Muchas voces nos invitan a tener esperanza en estos tiempos convulsos y oscuros que vivimos, pero ¿tener esperanza en qué? Los corazones inquietos de hoy, desencantados por poner la esperanza solo en los bienes de este mundo, pueden encontrar en San Agustín una ayuda para buscar la respuesta.

Igual que nosotros, Agustín también vivió tiempos convulsos como fueron los del final de la civilización de romana. En el inicio de su vida, él pone toda la esperanza en alcanzar su felicidad en las riquezas de la creación. Primero guiado por la satisfacción de sus sentidos corporales y, después, por la necesidad psicológica de ser aceptado y amado. Así nos lo cuenta en sus Confesiones: “Entonces, era, vivía, sentía y tenía cuidado de mi integridad, vestigio de tu secretísima unidad, por la cual existía. Guardaba también con el sentido interior la integridad de los otros mis sentidos y me deleitaba con la verdad en los pequeños pensamientos que sobre cosas pequeñas formaba. No quería me engañasen, tenía buena memoria y me iba instruyendo con la conversación. Me deleitaba la amistad, huía del dolor, abyección e ignorancia. ¿Qué hay en un viviente como éste que no sea digno de admiración y alabanza? Pues todas estas cosas son dones de mi Dios, que yo no me los he dado a mí mismo. Y todos son buenos y todos ellos soy yo. Bueno es el que me hizo y aun él es mi bien; a él quiero ensalzar por todos estos bienes que integraban mi ser de niño. En lo que pecaba yo entonces era en buscar en mí mismo y en las demás criaturas, no en Él, los deleites, grandezas y verdades, por lo que caía luego en dolores, confusiones y errores. Gracias a ti, dulzura mía, gloria mía, esperanza mía y Dios mío, gracias a ti por tus dones.” (Confesiones I, 20, 31).
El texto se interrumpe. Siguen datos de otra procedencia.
(* Let $r>1$ be real and let $p_m,q$ be $r$-mighty primes with $p_m>q^2$. If $n\in\mathbb{N}$ satisfies $\sigma_{-r}(n)\in\left(\sigma_{-r}(q)u_m(r),\ \sigma_{-r}(qp_m)\right)$, then $q\mid n$.
   Context: $p_m$ denotes the $m$-th prime. For $n\in\mathbb{N}$, $\sigma_{-r}(n)=\sum_{d\mid n}d^{-r}$. Let $u_m(r)=\prod_{t=m+1}^\infty\frac1{1-p_t^{-r}}$. A prime $p_m$ is $r$-mighty if $1+p_m^{-r}>u_m(r)$. *)

theory Defs
  imports "HOL-Analysis.Analysis" "HOL-Computational_Algebra.Primes"
begin

text \<open>The m-th prime, 1-indexed: nthp 1 = 2, nthp 2 = 3, ...\<close>
definition nthp :: "nat \<Rightarrow> nat" where
  "nthp m = enumerate {p. prime p} (m - 1)"

definition sigma_neg :: "real \<Rightarrow> nat \<Rightarrow> real" where
  "sigma_neg r n = (\<Sum>d\<in>{d. d dvd n}. real d powr (- r))"

definition u :: "nat \<Rightarrow> real \<Rightarrow> real" where
  "u m r = (\<Prod>i. 1 / (1 - real (nthp (i + m + 1)) powr (- r)))"

definition mighty :: "real \<Rightarrow> nat \<Rightarrow> bool" where
  "mighty r m \<longleftrightarrow> 1 + real (nthp m) powr (- r) > u m r"

end

theory Submission
  imports Defs
begin

text \<open>
  Write \<sigma> for \<sigma>_{-r} and q for p_k, and suppose q does not divide n.
  If n has a prime factor p < q, then \<sigma>(n) \<ge> 1 + p^{-r} \<ge> 1 + (q - 1)^{-r}, and since
  p_m \<ge> q^2 this dominates (1 + q^{-r})(1 + p_m^{-r}) \<ge> \<sigma>(q p_m).
  Otherwise every prime factor of n exceeds q, so the Euler product bounds \<sigma>(n) by
  u_k(r) < 1 + q^{-r} = \<sigma>(q) \<le> \<sigma>(q) u_m(r), the strict inequality being the mightiness of q.
  Either way \<sigma>(n) lies outside the assumed interval.
\<close>

lemma powr_neg_le_inverse:
  fixes x r :: real
  assumes "1 \<le> x" "1 \<le> r"
  shows "x powr - r \<le> 1 / x"
proof -
  have "x powr - r \<le> x powr - 1" using assms by (intro powr_mono) auto
  then show ?thesis using assms by simp
qed

lemma prod_le_prodinf_finite:
  fixes f :: "nat \<Rightarrow> real"
  assumes "convergent_prod f" "\<And>i. 1 \<le> f i" "finite J"
  shows "prod f J \<le> prodinf f"
proof (rule has_prod_le)
  show "(\<lambda>i. if i \<in> J then f i else 1) has_prod prod f J"
    using \<open>finite J\<close> by (rule has_prod_If_finite_set)
  show "f has_prod prodinf f"
    using assms(1) by (rule convergent_prod_has_prod)
  show "0 \<le> (if i \<in> J then f i else 1) \<and> (if i \<in> J then f i else 1) \<le> f i" for i
    using assms(2)[of i] by auto
qed

lemma convergent_prod_inverse_one_minus:
  fixes x :: "nat \<Rightarrow> real"
  assumes "summable x" "\<And>i. 0 \<le> x i" "\<And>i. x i \<le> 1/2"
  shows "convergent_prod (\<lambda>i. 1 / (1 - x i))"
proof -
  have bound: "norm (1 / (1 - x i) - 1) \<le> 2 * x i" for i
  proof -
    have "0 \<le> x i" "1 / 2 \<le> 1 - x i" using assms(2,3)[of i] by auto
    then have "x i / (1 - x i) \<le> x i / (1 / 2)" by (intro divide_left_mono) auto
    moreover have "1 / (1 - x i) - 1 = x i / (1 - x i)"
      using \<open>1 / 2 \<le> 1 - x i\<close> by (simp add: field_simps)
    ultimately show ?thesis using \<open>0 \<le> x i\<close> \<open>1 / 2 \<le> 1 - x i\<close> by simp
  qed
  have "summable (\<lambda>i. 2 * x i)"
    using assms(1) by (rule summable_mult)
  then have "summable (\<lambda>i. norm (1 / (1 - x i) - 1))"
    by (rule summable_comparison_test') (use bound in simp)
  then show ?thesis
    by (intro abs_convergent_prod_imp_convergent_prod summable_imp_abs_convergent_prod)
qed

lemma nthp_Suc: "nthp (Suc j) = enumerate {p. prime p} j"
  by (simp add: nthp_def)

lemma prime_nthp: "prime (nthp m)"
  unfolding nthp_def using enumerate_in_set[OF primes_infinite] by simp

lemma le_nthp_Suc: "j \<le> nthp (Suc j)"
  unfolding nthp_Suc using le_enumerate[OF primes_infinite] .

lemma bij_betw_nthp_primes_above:
  assumes "k \<ge> 1"
  shows "bij_betw (\<lambda>i. nthp (i + k + 1)) UNIV {p. prime p \<and> nthp k < p}"
proof (rule bij_betw_imageI)
  let ?E = "enumerate {p :: nat. prime p}"
  have nthp_E: "nthp (i + k + 1) = ?E (i + k)" "nthp k = ?E (k - 1)" for i
    using assms by (simp_all add: nthp_def)
  have "strict_mono (\<lambda>i. nthp (i + k + 1))"
    unfolding nthp_E by (simp add: strict_mono_def primes_infinite)
  then show "inj (\<lambda>i. nthp (i + k + 1))"
    by (rule strict_mono_imp_inj_on)
  show "range (\<lambda>i. nthp (i + k + 1)) = {p. prime p \<and> nthp k < p}"
  proof (intro equalityI subsetI)
    fix p assume "p \<in> range (\<lambda>i. nthp (i + k + 1))"
    then obtain i where i: "p = ?E (i + k)"
      unfolding nthp_E by blast
    have "?E (k - 1) < ?E (i + k)"
      using assms primes_infinite by simp
    then show "p \<in> {p. prime p \<and> nthp k < p}"
      using i enumerate_in_set[OF primes_infinite] nthp_E(2) by simp
  next
    fix p assume "p \<in> {p. prime p \<and> nthp k < p}"
    then obtain j where j: "p = ?E j" "?E (k - 1) < ?E j"
      using range_enumerate[OF primes_infinite] nthp_E(2) by (metis (mono_tags) mem_Collect_eq rangeE)
    then have "k \<le> j" using primes_infinite by simp
    then show "p \<in> range (\<lambda>i. nthp (i + k + 1))"
      using j by (intro range_eqI[of _ _ "j - k"]) (simp add: nthp_Suc)
  qed
qed

lemma nthp_powr_neg_le_half:
  assumes "r \<ge> 1"
  shows "real (nthp m) powr - r \<le> 1 / 2"
proof -
  have "2 \<le> real (nthp m)"
    using prime_ge_2_nat[OF prime_nthp] by simp
  then have "real (nthp m) powr - r \<le> 1 / real (nthp m)"
    using assms by (intro powr_neg_le_inverse) auto
  also have "\<dots> \<le> 1 / 2"
    using \<open>2 \<le> real (nthp m)\<close> by (simp add: field_simps)
  finally show ?thesis .
qed

lemma convergent_prod_u:
  assumes "r > 1"
  shows "convergent_prod (\<lambda>i. 1 / (1 - real (nthp (i + m + 1)) powr - r))"
proof (rule convergent_prod_inverse_one_minus)
  have "summable (\<lambda>j. real (nthp (Suc j)) powr - r)"
  proof (rule summable_comparison_test')
    show "summable (\<lambda>j. real j powr - r)"
      using assms by (simp add: summable_real_powr_iff)
    show "norm (real (nthp (Suc j)) powr - r) \<le> real j powr - r" if "j \<ge> 1" for j
      using that le_nthp_Suc[of j] assms by (simp add: powr_mono2')
  qed
  then have "summable (\<lambda>i. real (nthp (Suc (i + m))) powr - r)"
    by (subst summable_iff_shift[where f = "\<lambda>j. real (nthp (Suc j)) powr - r"])
  then show "summable (\<lambda>i. real (nthp (i + m + 1)) powr - r)"
    by simp
  show "real (nthp (i + m + 1)) powr - r \<le> 1 / 2" for i
    using assms by (intro nthp_powr_neg_le_half) simp
qed simp

lemma one_le_euler_factor_nthp:
  assumes "r \<ge> 1"
  shows "1 \<le> 1 / (1 - real (nthp j) powr - r)"
  using nthp_powr_neg_le_half[OF assms, of j] by simp

lemma prod_primes_above_le_u:
  assumes "r > 1" "k \<ge> 1" "finite P" "P \<subseteq> {p. prime p \<and> nthp k < p}"
  shows "(\<Prod>p\<in>P. 1 / (1 - real p powr - r)) \<le> u k r"
proof -
  let ?f = "\<lambda>i. 1 / (1 - real (nthp (i + k + 1)) powr - r)"
  have bij: "bij_betw (\<lambda>i. nthp (i + k + 1)) UNIV {p. prime p \<and> nthp k < p}"
    using assms(2) by (rule bij_betw_nthp_primes_above)
  define J where "J = (\<lambda>i. nthp (i + k + 1)) -` P"
  have P_eq: "P = (\<lambda>i. nthp (i + k + 1)) ` J"
    using bij assms(4) unfolding J_def bij_betw_def by auto
  have inj: "inj_on (\<lambda>i. nthp (i + k + 1)) J"
    using bij unfolding bij_betw_def by (auto intro: inj_on_subset)
  have "finite J"
    using assms(3) inj unfolding P_eq by (simp add: finite_image_iff)
  have "(\<Prod>p\<in>P. 1 / (1 - real p powr - r)) = prod ?f J"
    unfolding P_eq using inj by (simp add: prod.reindex)
  also have "\<dots> \<le> prodinf ?f"
  proof (rule prod_le_prodinf_finite)
    show "convergent_prod ?f" using assms(1) by (rule convergent_prod_u)
    show "1 \<le> ?f i" for i
      using assms(1) by (intro one_le_euler_factor_nthp) simp
  qed fact
  finally show ?thesis by (simp add: u_def)
qed

lemma u_ge_one:
  assumes "r > 1"
  shows "1 \<le> u m r"
  unfolding u_def
proof (rule prodinf_nonneg)
  show "(\<lambda>i. 1 / (1 - real (nthp (i + m + 1)) powr - r)) has_prod u m r"
    unfolding u_def using convergent_prod_u[OF assms] by (rule convergent_prod_has_prod)
  show "1 \<le> 1 / (1 - real (nthp (i + m + 1)) powr - r)" for i
    using assms by (intro one_le_euler_factor_nthp) simp
qed

lemma sigma_neg_nonneg: "0 \<le> sigma_neg r n"
  unfolding sigma_neg_def by (intro sum_nonneg) auto

lemma sigma_neg_prime:
  assumes "prime p"
  shows "sigma_neg r p = 1 + real p powr - r"
proof -
  have "{d. d dvd p} = {1, p}" "p \<noteq> 1"
    using assms by (auto simp: prime_nat_iff)
  then show ?thesis unfolding sigma_neg_def by simp
qed

lemma sigma_neg_mono_dvd:
  assumes "n > 0" "d dvd n"
  shows "sigma_neg r d \<le> sigma_neg r n"
  unfolding sigma_neg_def
  by (rule sum_mono2) (use assms dvd_trans in auto)

lemma sigma_neg_mult_le:
  assumes "a > 0" "b > 0"
  shows "sigma_neg r (a * b) \<le> sigma_neg r a * sigma_neg r b"
proof -
  let ?g = "\<lambda>d::nat. real d powr - r"
  let ?A = "{d. d dvd a}" and ?B = "{d. d dvd b}"
  have fin: "finite ?A" "finite ?B"
    using assms by auto
  have "{d. d dvd a * b} \<subseteq> (\<lambda>(x, y). x * y) ` (?A \<times> ?B)"
    by (auto dest!: division_decomp)
  then have "sigma_neg r (a * b) \<le> sum ?g ((\<lambda>(x, y). x * y) ` (?A \<times> ?B))"
    unfolding sigma_neg_def by (intro sum_mono2) (use fin in auto)
  also have "\<dots> \<le> sum (?g \<circ> (\<lambda>(x, y). x * y)) (?A \<times> ?B)"
    by (rule sum_image_le) (use fin in auto)
  also have "\<dots> = (\<Sum>x\<in>?A. \<Sum>y\<in>?B. ?g x * ?g y)"
    by (subst sum.cartesian_product) (auto simp: powr_mult intro!: sum.cong)
  also have "\<dots> = sigma_neg r a * sigma_neg r b"
    unfolding sigma_neg_def by (simp add: sum_product)
  finally show ?thesis .
qed

lemma sigma_neg_prod_le:
  assumes "finite P" "\<And>p. p \<in> P \<Longrightarrow> g p > 0"
  shows "sigma_neg r (\<Prod>p\<in>P. g p) \<le> (\<Prod>p\<in>P. sigma_neg r (g p))"
  using assms
proof (induction P rule: finite_induct)
  case empty
  have "{d :: nat. d dvd 1} = {1}" by auto
  then show ?case unfolding sigma_neg_def by simp
next
  case (insert x F)
  have "sigma_neg r (\<Prod>p\<in>insert x F. g p) = sigma_neg r (g x * (\<Prod>p\<in>F. g p))"
    using insert by simp
  also have "\<dots> \<le> sigma_neg r (g x) * sigma_neg r (\<Prod>p\<in>F. g p)"
    using insert by (intro sigma_neg_mult_le) (auto intro: prod_pos)
  also have "\<dots> \<le> sigma_neg r (g x) * (\<Prod>p\<in>F. sigma_neg r (g p))"
    using insert by (intro mult_left_mono sigma_neg_nonneg) auto
  also have "\<dots> = (\<Prod>p\<in>insert x F. sigma_neg r (g p))"
    using insert by simp
  finally show ?case .
qed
Y más adelante continua “Hubo un tiempo de mi adolescencia en que ardí en deseos de hartarme de las cosas más bajas, y osé ensilvecerme con varios y sombríos amores, y se marchitó mi hermosura, y me volví podredumbre ante tus ojos por agradarme a mí y desear agradar a los ojos de los hombres. ¿Y qué era lo que me deleitaba, sino amar y ser amado? Pero no guardaba modo en ello, yendo de alma a alma, como señalan los términos luminosos de la amistad, sino que del fango de mi concupiscencia carnal y del manantial de la pubertad se levantaban como unas nieblas que obscurecían y ofuscaban mi corazón hasta no discernir la serenidad del amor de la tenebrosidad de la lujuria. Uno y otro abrasaban y arrastraban mi flaca edad por lo abrupto de mis apetitos y me sumergían en un mar de torpezas.” (Confesiones II, 1, 1-2, 2).
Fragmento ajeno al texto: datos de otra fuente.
definition letter_map :: "(real \<Rightarrow> real) \<Rightarrow> (real \<Rightarrow> real) \<Rightarrow> nat \<Rightarrow> real \<Rightarrow> real" where
  "letter_map phi0 phi1 a = (if a = 0 then phi0 else phi1)"

text \<open>The x-threshold orbit, 0-indexed: thr_orbit phi0 phi1 x k is the paper's x_(k+1).\<close>
fun thr_orbit :: "(real \<Rightarrow> real) \<Rightarrow> (real \<Rightarrow> real) \<Rightarrow> real \<Rightarrow> nat \<Rightarrow> real" where
  "thr_orbit phi0 phi1 x 0 = phi1 x"
| "thr_orbit phi0 phi1 x (Suc k) =
     (if thr_orbit phi0 phi1 x k \<ge> x then phi1 (thr_orbit phi0 phi1 x k)
      else phi0 (thr_orbit phi0 phi1 x k))"

definition drives_orbit :: "(real \<Rightarrow> real) \<Rightarrow> (real \<Rightarrow> real) \<Rightarrow> real \<Rightarrow> nat list \<Rightarrow> bool" where
  "drives_orbit phi0 phi1 x w \<longleftrightarrow>
     w \<noteq> [] \<and> set w \<subseteq> {0, 1} \<and>
     (\<forall>j. thr_orbit phi0 phi1 x (Suc j) =
           letter_map phi0 phi1 (w ! (j mod length w)) (thr_orbit phi0 phi1 x j))"

definition is_threshold_word :: "(real \<Rightarrow> real) \<Rightarrow> (real \<Rightarrow> real) \<Rightarrow> real \<Rightarrow> nat list \<Rightarrow> bool" where
  "is_threshold_word phi0 phi1 x tw \<longleftrightarrow>
     drives_orbit phi0 phi1 x tw \<and>
     (\<forall>w. drives_orbit phi0 phi1 x w \<longrightarrow> length tw \<le> length w)"

definition morphL :: "nat \<Rightarrow> nat list \<Rightarrow> nat list" where
  "morphL p w = concat (map (\<lambda>a. if a = 0 then replicate (p + 1) 0 @ [1] else replicate p 0 @ [1]) w)"

definition morphR :: "nat \<Rightarrow> nat list \<Rightarrow> nat list" where
  "morphR p w = concat (map (\<lambda>a. if a = 0 then 0 # replicate p 1 else 0 # replicate (p + 1) 1) w)"

inductive valid_word :: "nat list \<Rightarrow> bool" where
  valid_zero: "valid_word [0]"
| valid_one: "valid_word [1]"
| valid_L: "valid_word w \<Longrightarrow> p \<ge> 1 \<Longrightarrow> valid_word (morphL p w)"
| valid_R: "valid_word w \<Longrightarrow> p \<ge> 1 \<Longrightarrow> valid_word (morphR p w)"

definition assumption_A2 :: "real set \<Rightarrow> (real \<Rightarrow> real) \<Rightarrow> (real \<Rightarrow> real) \<Rightarrow> bool" where
  "assumption_A2 I phi0 phi1 \<longleftrightarrow>
     (\<forall>x\<in>I. \<forall>y\<in>I. x < y \<longrightarrow>
        phi0 x < phi0 y \<and> phi0 y - phi0 x < y - x \<and>
        phi1 x < phi1 y \<and> phi1 y - phi1 x < y - x) \<and>
     (\<exists>y0\<in>I. \<exists>y1\<in>I. phi0 y0 = y0 \<and> phi1 y1 = y1 \<and> y1 < y0)"

end

theory Submission
  imports Defs
begin

text \<open>The letters of the threshold orbit form a sequence whose minimal period is the length of the
  threshold word: along the orbit, which stays in \<open>[f1 x, f0 x)\<close>, the two branches never agree,
  so the orbit determines its letters. We induct on this period. If the letters are not constant
  then \<open>f1 x < x < f0 x\<close>, and the returns of the orbit to a subinterval \<open>R\<close> of \<open>[f1 x, x)\<close> cut
  the letter sequence into blocks \<open>0\<^sup>p\<^sup>+\<^sup>1 1\<close>, \<open>0\<^sup>p 1\<close> (if \<open>f1 (f0 x) \<le> x\<close>) or \<open>0 1\<^sup>q\<close>,
  \<open>0 1\<^sup>q\<^sup>+\<^sup>1\<close> (otherwise). The first-return map to \<open>R\<close> is again a threshold dynamics, with branches
  \<open>f1 \<circ> f0\<^sup>p\<^sup>+\<^sup>1\<close>, \<open>f1 \<circ> f0\<^sup>p\<close> (resp. \<open>f1\<^sup>q \<circ> f0\<close>, \<open>f1\<^sup>q\<^sup>+\<^sup>1 \<circ> f0\<close>), which are still increasing
  contractions, and with a threshold \<open>c\<close> found by the intermediate value theorem so that the
  type of the block starting at \<open>t\<close> is the letter of \<open>t\<close>. Its letters have a strictly smaller
  minimal period, and the original word is the image of its threshold word under \<open>L\<^sub>p\<close> (resp.
  \<open>R\<^sub>q\<close>).\<close>

section \<open>Increasing contractions of an interval\<close>

definition incr_nonexpansive_on :: "real set \<Rightarrow> (real \<Rightarrow> real) \<Rightarrow> bool" where
  "incr_nonexpansive_on I f \<longleftrightarrow> (\<forall>a\<in>I. \<forall>b\<in>I. a < b \<longrightarrow> f a < f b \<and> f b - f a \<le> b - a)"

definition incr_contraction_on :: "real set \<Rightarrow> (real \<Rightarrow> real) \<Rightarrow> bool" where
  "incr_contraction_on I f \<longleftrightarrow> (\<forall>a\<in>I. \<forall>b\<in>I. a < b \<longrightarrow> f a < f b \<and> f b - f a < b - a)"

lemma incr_contraction_on_imp_nonexpansive:
  "incr_contraction_on I f \<Longrightarrow> incr_nonexpansive_on I f"
  unfolding incr_contraction_on_def incr_nonexpansive_on_def by force

lemma incr_nonexpansive_on_less_iff:
  "incr_nonexpansive_on I f \<Longrightarrow> a \<in> I \<Longrightarrow> b \<in> I \<Longrightarrow> f a < f b \<longleftrightarrow> a < b"
  unfolding incr_nonexpansive_on_def by (metis less_asym linorder_neqE)

lemma incr_nonexpansive_on_le_iff:
  "incr_nonexpansive_on I f \<Longrightarrow> a \<in> I \<Longrightarrow> b \<in> I \<Longrightarrow> f a \<le> f b \<longleftrightarrow> a \<le> b"
  using incr_nonexpansive_on_less_iff[of I f b a] by (simp add: not_less[symmetric])

lemma incr_nonexpansive_on_diff_le:
  "incr_nonexpansive_on I f \<Longrightarrow> a \<in> I \<Longrightarrow> b \<in> I \<Longrightarrow> a \<le> b \<Longrightarrow> f b - f a \<le> b - a"
  unfolding incr_nonexpansive_on_def by (cases "a = b") auto

lemma incr_contraction_on_diff_less:
  "incr_contraction_on I f \<Longrightarrow> a \<in> I \<Longrightarrow> b \<in> I \<Longrightarrow> a < b \<Longrightarrow> f b - f a < b - a"
  unfolding incr_contraction_on_def by auto

lemma funpow_image_subset: "f ` I \<subseteq> I \<Longrightarrow> (f ^^ k) ` I \<subseteq> I"
  by (induction k) auto

lemma funpow_cong_invariant:
  assumes "u \<in> R" "\<And>t. t \<in> R \<Longrightarrow> h t \<in> R" "\<And>t. t \<in> R \<Longrightarrow> h t = h' t"
  shows "(h ^^ j) u = (h' ^^ j) u"
proof -
  have "(h ^^ j) u \<in> R \<and> (h ^^ j) u = (h' ^^ j) u"
    by (induction j) (use assms in auto)
  then show ?thesis ..
qed

lemma incr_nonexpansive_on_comp:
  assumes "incr_nonexpansive_on I g" "incr_nonexpansive_on I h" "h ` I \<subseteq> I"
  shows "incr_nonexpansive_on I (g \<circ> h)"
  unfolding incr_nonexpansive_on_def
proof (intro ballI impI)
  fix a b assume ab: "a \<in> I" "b \<in> I" "a < b"
  then have "h a \<in> I" "h b \<in> I" "h a < h b" "h b - h a \<le> b - a"
    using assms(2,3) unfolding incr_nonexpansive_on_def by auto
  then show "(g \<circ> h) a < (g \<circ> h) b \<and> (g \<circ> h) b - (g \<circ> h) a \<le> b - a"
    using assms(1) unfolding incr_nonexpansive_on_def by fastforce
qed

lemma incr_nonexpansive_on_funpow:
  assumes "f ` I \<subseteq> I" "incr_nonexpansive_on I f"
  shows "incr_nonexpansive_on I (f ^^ k)"
proof (induction k)
  case 0
  show ?case by (simp add: incr_nonexpansive_on_def)
next
  case (Suc k)
  show ?case
    using incr_nonexpansive_on_comp[OF assms(2) Suc funpow_image_subset[OF assms(1)]]
    by (simp add: o_def)
qed

lemma incr_contraction_on_comp:
  assumes "incr_contraction_on I g" "incr_nonexpansive_on I h" "h ` I \<subseteq> I"
  shows "incr_contraction_on I (g \<circ> h)"
  unfolding incr_contraction_on_def
proof (intro ballI impI)
  fix a b assume ab: "a \<in> I" "b \<in> I" "a < b"
  then have "h a \<in> I" "h b \<in> I" "h a < h b" "h b - h a \<le> b - a"
    using assms(2,3) unfolding incr_nonexpansive_on_def by auto
  then show "(g \<circ> h) a < (g \<circ> h) b \<and> (g \<circ> h) b - (g \<circ> h) a < b - a"
    using assms(1) unfolding incr_contraction_on_def by fastforce
qed

lemma incr_contraction_on_comp':
  assumes "incr_nonexpansive_on I g" "incr_contraction_on I h" "h ` I \<subseteq> I"
  shows "incr_contraction_on I (g \<circ> h)"
  unfolding incr_contraction_on_def
proof (intro ballI impI)
  fix a b assume ab: "a \<in> I" "b \<in> I" "a < b"
  then have "h a \<in> I" "h b \<in> I" "h a < h b" "h b - h a < b - a"
    using assms(2,3) unfolding incr_contraction_on_def by auto
  then show "(g \<circ> h) a < (g \<circ> h) b \<and> (g \<circ> h) b - (g \<circ> h) a < b - a"
    using assms(1) unfolding incr_nonexpansive_on_def by fastforce
qed

lemma incr_nonexpansive_on_abs_diff_le:
  "incr_nonexpansive_on I f \<Longrightarrow> a \<in> I \<Longrightarrow> b \<in> I \<Longrightarrow> \<bar>f a - f b\<bar> \<le> \<bar>a - b\<bar>"
  using incr_nonexpansive_on_diff_le[of I f a b] incr_nonexpansive_on_diff_le[of I f b a]
    incr_nonexpansive_on_le_iff[of I f a b]
  by (cases "a \<le> b") auto

lemma incr_nonexpansive_on_continuous_on:
  assumes "incr_nonexpansive_on I f"
  shows "continuous_on I f"
proof (rule lipschitz_on_continuous_on)
  show "1-lipschitz_on I f"
  proof (rule lipschitz_onI)
    fix a b assume "a \<in> I" "b \<in> I"
    then show "dist (f a) (f b) \<le> 1 * dist a b"
      using incr_nonexpansive_on_abs_diff_le[OF assms] by (simp add: dist_real_def)
  qed simp
qed

lemma incr_nonexpansive_on_IVT:
  assumes "is_interval I" "incr_nonexpansive_on I f" "a \<in> I" "b \<in> I" "a \<le> b"
    and "f a \<le> y" "y \<le> f b"
  obtains c where "c \<in> I" "a \<le> c" "c \<le> b" "f c = y"
proof -
  have ab: "{a..b} \<subseteq> I"
  proof
    fix z assume "z \<in> {a..b}"
    then have "a \<le> z" "z \<le> b" by auto
    with assms(1,3,4) show "z \<in> I" unfolding is_interval_1 by blast
  qed
  then have "continuous_on {a..b} f"
    using continuous_on_subset incr_nonexpansive_on_continuous_on[OF assms(2)] by blast
  then obtain c where c: "a \<le> c" "c \<le> b" "f c = y"
    using IVT'[of f a y b] assms(5-7) by blast
  moreover from c ab have "c \<in> I" by auto
  ultimately show ?thesis by (intro that)
qed

section \<open>Periods and block decompositions\<close>

definition is_period :: "(nat \<Rightarrow> 'a) \<Rightarrow> nat \<Rightarrow> bool" where
  "is_period s k \<longleftrightarrow> 0 < k \<and> (\<forall>j. s (j + k) = s j)"

definition minimal_period :: "(nat \<Rightarrow> 'a) \<Rightarrow> nat \<Rightarrow> bool" where
  "minimal_period s n \<longleftrightarrow> is_period s n \<and> (\<forall>k. is_period s k \<longrightarrow> n \<le> k)"

lemma is_period_mod:
  assumes "is_period s k"
  shows "s (j mod k) = s j"
proof -
  have "s (r + i * k) = s r" for r i
  proof (induction i)
    case (Suc i)
    have "s (r + Suc i * k) = s ((r + i * k) + k)" by (simp add: algebra_simps)
    also have "\<dots> = s r" using assms Suc unfolding is_period_def by simp
    finally show ?case .
  qed simp
  from this[of "j mod k" "j div k"] show ?thesis by (simp add: mod_div_mult_eq)
qed

lemma is_period_one_iff: "is_period s 1 \<longleftrightarrow> (\<forall>j. s j = s 0)"
proof
  assume "is_period s 1"
  then show "\<forall>j. s j = s 0"
    using is_period_mod[of s 1] by (metis mod_by_1)
qed (unfold is_period_def, metis Suc_eq_plus1 zero_less_one)

definition block_start :: "('b \<Rightarrow> 'a list) \<Rightarrow> (nat \<Rightarrow> 'b) \<Rightarrow> nat \<Rightarrow> nat" where
  "block_start blk w i = (\<Sum>k<i. length (blk (w k)))"

lemma block_start_0 [simp]: "block_start blk w 0 = 0"
  by (simp add: block_start_def)

lemma block_start_Suc [simp]:
  "block_start blk w (Suc i) = block_start blk w i + length (blk (w i))"
  by (simp add: block_start_def)

text \<open>\<open>s\<close> is the infinite word \<open>blk (w 0) blk (w 1) blk (w 2) \<dots>\<close>\<close>
definition is_block_concat :: "('b \<Rightarrow> 'a list) \<Rightarrow> (nat \<Rightarrow> 'b) \<Rightarrow> (nat \<Rightarrow> 'a) \<Rightarrow> bool" where
  "is_block_concat blk w s \<longleftrightarrow>
     (\<forall>i. map s [block_start blk w i..<block_start blk w (Suc i)] = blk (w i))"

lemma is_block_concat_nth:
  assumes "is_block_concat blk w s" "r < length (blk (w i))"
  shows "s (block_start blk w i + r) = blk (w i) ! r"
proof -
  have "map s [block_start blk w i..<block_start blk w (Suc i)] ! r = blk (w i) ! r"
    using assms(1) unfolding is_block_concat_def by simp
  with assms(2) show ?thesis by simp
qed

lemma is_block_concat_prefix:
  assumes "is_block_concat blk w s"
  shows "map s [0..<block_start blk w m] = concat (map blk (map w [0..<m]))"
proof (induction m)
  case (Suc m)
  have "[0..<block_start blk w (Suc m)]
      = [0..<block_start blk w m] @ [block_start blk w m..<block_start blk w (Suc m)]"
    using upt_add_eq_append[of 0 "block_start blk w m"] by simp
  with Suc assms show ?case unfolding is_block_concat_def by simp
qed simp

lemma strict_mono_block_start:
  "(\<And>i. blk (w i) \<noteq> []) \<Longrightarrow> strict_mono (block_start blk w)"
  by (simp add: strict_mono_Suc_iff)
Fue la providencia divina que le hizo encontrar y leer el libro del filósofo latino Cicerón. Este encuentro le ayudará a elevar la meta de sus esperanzas al colocar la felicidad en la posesión de la verdad, tan denostada en nuestros días en favor de la satisfacción de nuestras apetencias. Así nos lo cuenta Agustín: “¡Ay, ay de mí, por, qué grados fui descendiendo hasta las profundidades del abismo, lleno de fatiga y devorado por la falta de verdad! Y todo, Dios mío —a quien me confieso por haber tenido misericordia de mí cuando aún no te confesaba—, todo por buscarte no con la inteligencia —con la que quisiste que yo aventajase a los brutos—, sino con los sentidos de la carne, porque tú estabas dentro de mí, más interior que lo más íntimo mío y más elevado que lo más sumo mío.” (Confesiones III, 6, 11). “Llegué a un libro de un tal Cicerón, cuyo lenguaje casi todos admiran, aunque no así su fondo. Este libro contiene una exhortación suya a la filosofía, y se llama el Hortensio. Semejante libro cambió mis afectos y mudó hacia ti, Señor, mis súplicas e hizo que mis votos y deseos fueran otros. De repente apareció a mis ojos vil toda esperanza vana, y con increíble ardor de mi corazón suspiraba por la inmortalidad de la sabiduría, y comencé a levantarme para volver a ti.” (Confesiones III, 4, 7).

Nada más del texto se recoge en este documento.